▸ **What you should do**
The lines to reproduce from the material below are those from the one containing "with assms(1,2) show ?thesis" through the one containing "by (meson choice)", both included; write them out exactly and add nothing.
(Dataset excerpts)
(* Let $M$ be a manifold with a complete Riemannian metric $g_R$ and associated distance $d_R$. Let $S$ be a closed subset of $M$ and $\mathcal{W}=\{W_\alpha:\alpha\in\mathcal{I}\}$ a collection of open subsets of $M$ covering $S$, such that each $W_\alpha$ is contained in an open subset $\mathcal{C}_\alpha$ whose $d_R$-diameter is smaller than $1$. Then there exists a subcollection $\mathcal{W}'=\{W_j: j\in\mathbb{N}\}\subset\mathcal{W}$ which covers $S$ and is locally finite (i.e., each $p\in\bigcup_j W_j$ has a neighborhood $V$ with $V\cap W_j=\emptyset$ for all but finitely many $j$). Moreover, the collection $\{\mathcal{C}_j: j\in\mathbb{N}\}$, where $\mathcal{C}_j$ is the open set containing $W_j$, is locally finite too. *)

theory Defs
  imports "HOL-Analysis.Analysis"
begin

definition locally_finite_family :: "'i set \<Rightarrow> ('i \<Rightarrow> 'a::topological_space set) \<Rightarrow> bool" where
  "locally_finite_family J F \<longleftrightarrow>
     (\<forall>p \<in> (\<Union>j\<in>J. F j). \<exists>V. open V \<and> p \<in> V \<and> finite {j\<in>J. V \<inter> F j \<noteq> {}})"

text \<open>Metric spaces in which closed bounded sets are compact (Heine--Borel property).
  By Hopf--Rinow, a (connected) manifold with complete Riemannian metric, equipped
  with its Riemannian distance, is such a space.\<close>
definition proper_metric :: "'a::metric_space itself \<Rightarrow> bool" where
  "proper_metric _ \<longleftrightarrow> (\<forall>K::'a set. bounded K \<and> closed K \<longrightarrow> compact K)"

end

theory Submission
  imports Defs
begin

text \<open>Fix a base point x0 and cut S into the shells K n = S \<inter> {z. n \<le> dist x0 z \<le> n + 1},
  which are compact because the metric is proper. For each n choose finitely many W \<alpha>
  covering K n, each meeting K n. A set C \<alpha> \<supseteq> W \<alpha> of diameter below 1 chosen for K n lies
  outside the ball of radius n - 1 around x0, so the unit ball around a point p meets only
  sets chosen for the finitely many shells with n \<le> dist x0 p + 2.\<close>

lemma proper_metric_compact_Int_cball:
  fixes S :: "'a::metric_space set"
  assumes "proper_metric TYPE('a)" and "closed S"
  shows "compact (S \<inter> cball x r)"
  using assms unfolding proper_metric_def by (meson bounded_Int bounded_cball closed_Int closed_cball)

lemma UN_annuli_eq_UNIV:
  fixes x :: "'a::metric_space"
  shows "(\<Union>n::nat. cball x (real n + 1) - ball x (real n)) = UNIV"
proof -
  have "y \<in> cball x (real (nat \<lfloor>dist x y\<rfloor>) + 1) - ball x (real (nat \<lfloor>dist x y\<rfloor>))" for y
    using of_int_floor_le[of "dist x y"] real_of_int_floor_add_one_gt[of "dist x y"]
    by (simp add: not_less)
  then show ?thesis by blast
qed

lemma compact_finite_subcover_meeting:
  assumes "compact K" and "\<forall>\<alpha>\<in>I. open (W \<alpha>)" and "K \<subseteq> (\<Union>\<alpha>\<in>I. W \<alpha>)"
  obtains F where "F \<subseteq> {\<alpha>\<in>I. W \<alpha> \<inter> K \<noteq> {}}" and "finite F" and "K \<subseteq> (\<Union>\<alpha>\<in>F. W \<alpha>)"
proof -
  have "K \<subseteq> (\<Union>\<alpha>\<in>{\<alpha>\<in>I. W \<alpha> \<inter> K \<noteq> {}}. W \<alpha>)"
    using assms(3) by blast
  with assms(1,2) show ?thesis
    by (elim compactE_image) (use that in auto)
qed

lemma proper_metric_shellwise_finite_subcover:
  fixes S :: "'a::metric_space set" and x\<^sub>0 :: 'a
  assumes proper: "proper_metric TYPE('a)" and closed: "closed S"
    and openW: "\<forall>\<alpha>\<in>I. open (W \<alpha>)" and cover: "S \<subseteq> (\<Union>\<alpha>\<in>I. W \<alpha>)"
  obtains F :: "nat \<Rightarrow> 'i set"
  where "\<And>n. F n \<subseteq> I" and "\<And>n. finite (F n)"
    and "\<And>n \<alpha>. \<alpha> \<in> F n \<Longrightarrow> \<exists>z\<in>W \<alpha>. real n \<le> dist x\<^sub>0 z"
    and "S \<subseteq> (\<Union>n. \<Union>\<alpha>\<in>F n. W \<alpha>)"
proof -
  define K where "K n = S \<inter> cball x\<^sub>0 (real n + 1) - ball x\<^sub>0 (real n)" for n :: nat
  have "\<exists>F. F \<subseteq> {\<alpha>\<in>I. W \<alpha> \<inter> K n \<noteq> {}} \<and> finite F \<and> K n \<subseteq> (\<Union>\<alpha>\<in>F. W \<alpha>)" for n
  proof -
    have "compact (K n)"
      unfolding K_def using proper_metric_compact_Int_cball[OF proper closed]
      by (metis Diff_eq closed_Compl compact_Int_closed open_ball)
    moreover have "K n \<subseteq> (\<Union>\<alpha>\<in>I. W \<alpha>)"
      using cover unfolding K_def by blast
    ultimately obtain F where "F \<subseteq> {\<alpha>\<in>I. W \<alpha> \<inter> K n \<noteq> {}}" "finite F" "K n \<subseteq> (\<Union>\<alpha>\<in>F. W \<alpha>)"
      by (rule compact_finite_subcover_meeting[OF _ openW])
    then show ?thesis
      by blast
  qed
  then obtain F where "\<forall>n. F n \<subseteq> {\<alpha>\<in>I. W \<alpha> \<inter> K n \<noteq> {}} \<and> finite (F n) \<and> K n \<subseteq> (\<Union>\<alpha>\<in>F n. W \<alpha>)"
    by (meson choice)
  then have F: "\<And>n. F n \<subseteq> {\<alpha>\<in>I. W \<alpha> \<inter> K n \<noteq> {}}" "\<And>n. finite (F n)"
      "\<And>n. K n \<subseteq> (\<Union>\<alpha>\<in>F n. W \<alpha>)"
    by blast+
  show thesis
  proof
    show "F n \<subseteq> I" and "finite (F n)" for n
      using F(1,2) by blast+
    show "\<exists>z\<in>W \<alpha>. real n \<le> dist x\<^sub>0 z" if "\<alpha> \<in> F n" for n \<alpha>
      using F(1) that unfolding K_def by (fastforce simp: not_less)
    have "S \<subseteq> (\<Union>n. K n)"
      using UN_annuli_eq_UNIV[of x\<^sub>0] unfolding K_def by blast
    then show "S \<subseteq> (\<Union>n. \<Union>\<alpha>\<in>F n. W \<alpha>)"
      using F(3) by fastforce
  qed
qed

lemma finite_members_meeting_ball:
  fixes x\<^sub>0 p :: "'a::metric_space"
  assumes finite: "\<And>n. finite (F n)"
    and far: "\<And>n j. j \<in> F n \<Longrightarrow> \<exists>z\<in>C j. real n \<le> dist x\<^sub>0 z"
    and small: "\<And>n j. j \<in> F n \<Longrightarrow> bounded (C j) \<and> diameter (C j) \<le> d"
  shows "finite {j \<in> (\<Union>n. F n). ball p r \<inter> C j \<noteq> {}}"
proof -
  define N where "N = nat \<lceil>dist x\<^sub>0 p + r + d\<rceil>"
  have "{j \<in> (\<Union>n. F n). ball p r \<inter> C j \<noteq> {}} \<subseteq> (\<Union>n\<le>N. F n)"
  proof
    fix j assume "j \<in> {j \<in> (\<Union>n. F n). ball p r \<inter> C j \<noteq> {}}"
    then obtain n y where j: "j \<in> F n" and y: "y \<in> C j" "dist p y < r"
      by auto
    obtain z where z: "z \<in> C j" "real n \<le> dist x\<^sub>0 z"
      using far[OF j] by blast
    have "dist y z \<le> d"
      using small[OF j] y z diameter_bounded_bound order_trans by blast
    moreover have "dist x\<^sub>0 z \<le> dist x\<^sub>0 p + dist p y + dist y z"
      by (metis add.assoc add_left_mono dist_triangle order_trans)
    ultimately have "n \<le> N"
      using y z unfolding N_def by linarith
    with j show "j \<in> (\<Union>n\<le>N. F n)" by blast
  qed
  then show ?thesis
    using finite by (simp add: finite_subset)
qed

lemma locally_finite_family_if_finite_meeting_balls:
  assumes "r > 0" and "\<And>p. finite {j\<in>J. ball p r \<inter> F j \<noteq> {}}"
  shows "locally_finite_family J F"
  unfolding locally_finite_family_def using assms by (metis centre_in_ball open_ball)

lemma locally_finite_family_subsets:
  assumes "locally_finite_family J C" and "\<forall>j\<in>J. W j \<subseteq> C j"
  shows "locally_finite_family J W"
  unfolding locally_finite_family_def
proof
  fix p assume "p \<in> (\<Union>j\<in>J. W j)"
  then obtain V where "open V" "p \<in> V" and "finite {j\<in>J. V \<inter> C j \<noteq> {}}"
    using assms unfolding locally_finite_family_def by blast
  moreover have "{j\<in>J. V \<inter> W j \<noteq> {}} \<subseteq> {j\<in>J. V \<inter> C j \<noteq> {}}"
    using assms(2) by blast
  ultimately show "\<exists>V. open V \<and> p \<in> V \<and> finite {j\<in>J. V \<inter> W j \<noteq> {}}"
    using finite_subset by blast
qed

theorem lemma4p13:
  fixes S :: "'a::metric_space set"
    and I :: "'i set"
    and W C :: "'i \<Rightarrow> 'a set"
  assumes proper: "proper_metric TYPE('a)"
    and closedS: "closed S"
    and openW: "\<forall>\<alpha>\<in>I. open (W \<alpha>)"
    and cover: "S \<subseteq> (\<Union>\<alpha>\<in>I. W \<alpha>)"
    and openC: "\<forall>\<alpha>\<in>I. open (C \<alpha>)"
    and WC: "\<forall>\<alpha>\<in>I. W \<alpha> \<subseteq> C \<alpha>"
    and diamC: "\<forall>\<alpha>\<in>I. bounded (C \<alpha>) \<and> diameter (C \<alpha>) < 1"
  shows "\<exists>J \<subseteq> I. countable J \<and> S \<subseteq> (\<Union>j\<in>J. W j)
            \<and> locally_finite_family J W \<and> locally_finite_family J C"
proof -
  fix x\<^sub>0 :: 'a
  obtain F where F: "\<And>n. F n \<subseteq> I" "\<And>n. finite (F n)"
      "\<And>n \<alpha>. \<alpha> \<in> F n \<Longrightarrow> \<exists>z\<in>W \<alpha>. real n \<le> dist x\<^sub>0 z"
      "S \<subseteq> (\<Union>n. \<Union>\<alpha>\<in>F n. W \<alpha>)"
    using proper_metric_shellwise_finite_subcover[OF proper closedS openW cover, of x\<^sub>0] by blast
  define J where "J = (\<Union>n. F n)"
  have "J \<subseteq> I" and "S \<subseteq> (\<Union>j\<in>J. W j)"
    using F(1,4) unfolding J_def by blast+
  moreover have "countable J"
    using F(2) unfolding J_def by (simp add: countable_finite)
  moreover have "locally_finite_family J C"
  proof (rule locally_finite_family_if_finite_meeting_balls[of 1])
    have "\<exists>z\<in>C \<alpha>. real n \<le> dist x\<^sub>0 z" if "\<alpha> \<in> F n" for n \<alpha>
      using F(1,3) WC that by blast
    moreover have "bounded (C \<alpha>) \<and> diameter (C \<alpha>) \<le> 1" if "\<alpha> \<in> F n" for n \<alpha>
      using F(1) diamC that by fastforce
    ultimately show "finite {j\<in>J. ball p 1 \<inter> C j \<noteq> {}}" for p
      unfolding J_def by (rule finite_members_meeting_ball[OF F(2)])
  qed simp
  moreover have "locally_finite_family J W"
    using locally_finite_family_subsets \<open>J \<subseteq> I\<close> \<open>locally_finite_family J C\<close> WC by blast
  ultimately show ?thesis
    by blast
qed

end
(End Dataset excerpts)
▸ **Task result**
  with assms(1,2) show ?thesis
    by (elim compactE_image) (use that in auto)
qed

lemma proper_metric_shellwise_finite_subcover:
  fixes S :: "'a::metric_space set" and x\<^sub>0 :: 'a
  assumes proper: "proper_metric TYPE('a)" and closed: "closed S"
    and openW: "\<forall>\<alpha>\<in>I. open (W \<alpha>)" and cover: "S \<subseteq> (\<Union>\<alpha>\<in>I. W \<alpha>)"
  obtains F :: "nat \<Rightarrow> 'i set"
  where "\<And>n. F n \<subseteq> I" and "\<And>n. finite (F n)"
    and "\<And>n \<alpha>. \<alpha> \<in> F n \<Longrightarrow> \<exists>z\<in>W \<alpha>. real n \<le> dist x\<^sub>0 z"
    and "S \<subseteq> (\<Union>n. \<Union>\<alpha>\<in>F n. W \<alpha>)"
proof -
  define K where "K n = S \<inter> cball x\<^sub>0 (real n + 1) - ball x\<^sub>0 (real n)" for n :: nat
  have "\<exists>F. F \<subseteq> {\<alpha>\<in>I. W \<alpha> \<inter> K n \<noteq> {}} \<and> finite F \<and> K n \<subseteq> (\<Union>\<alpha>\<in>F. W \<alpha>)" for n
  proof -
    have "compact (K n)"
      unfolding K_def using proper_metric_compact_Int_cball[OF proper closed]
      by (metis Diff_eq closed_Compl compact_Int_closed open_ball)
    moreover have "K n \<subseteq> (\<Union>\<alpha>\<in>I. W \<alpha>)"
      using cover unfolding K_def by blast
    ultimately obtain F where "F \<subseteq> {\<alpha>\<in>I. W \<alpha> \<inter> K n \<noteq> {}}" "finite F" "K n \<subseteq> (\<Union>\<alpha>\<in>F. W \<alpha>)"
      by (rule compact_finite_subcover_meeting[OF _ openW])
    then show ?thesis
      by blast
  qed
  then obtain F where "\<forall>n. F n \<subseteq> {\<alpha>\<in>I. W \<alpha> \<inter> K n \<noteq> {}} \<and> finite (F n) \<and> K n \<subseteq> (\<Union>\<alpha>\<in>F n. W \<alpha>)"
    by (meson choice)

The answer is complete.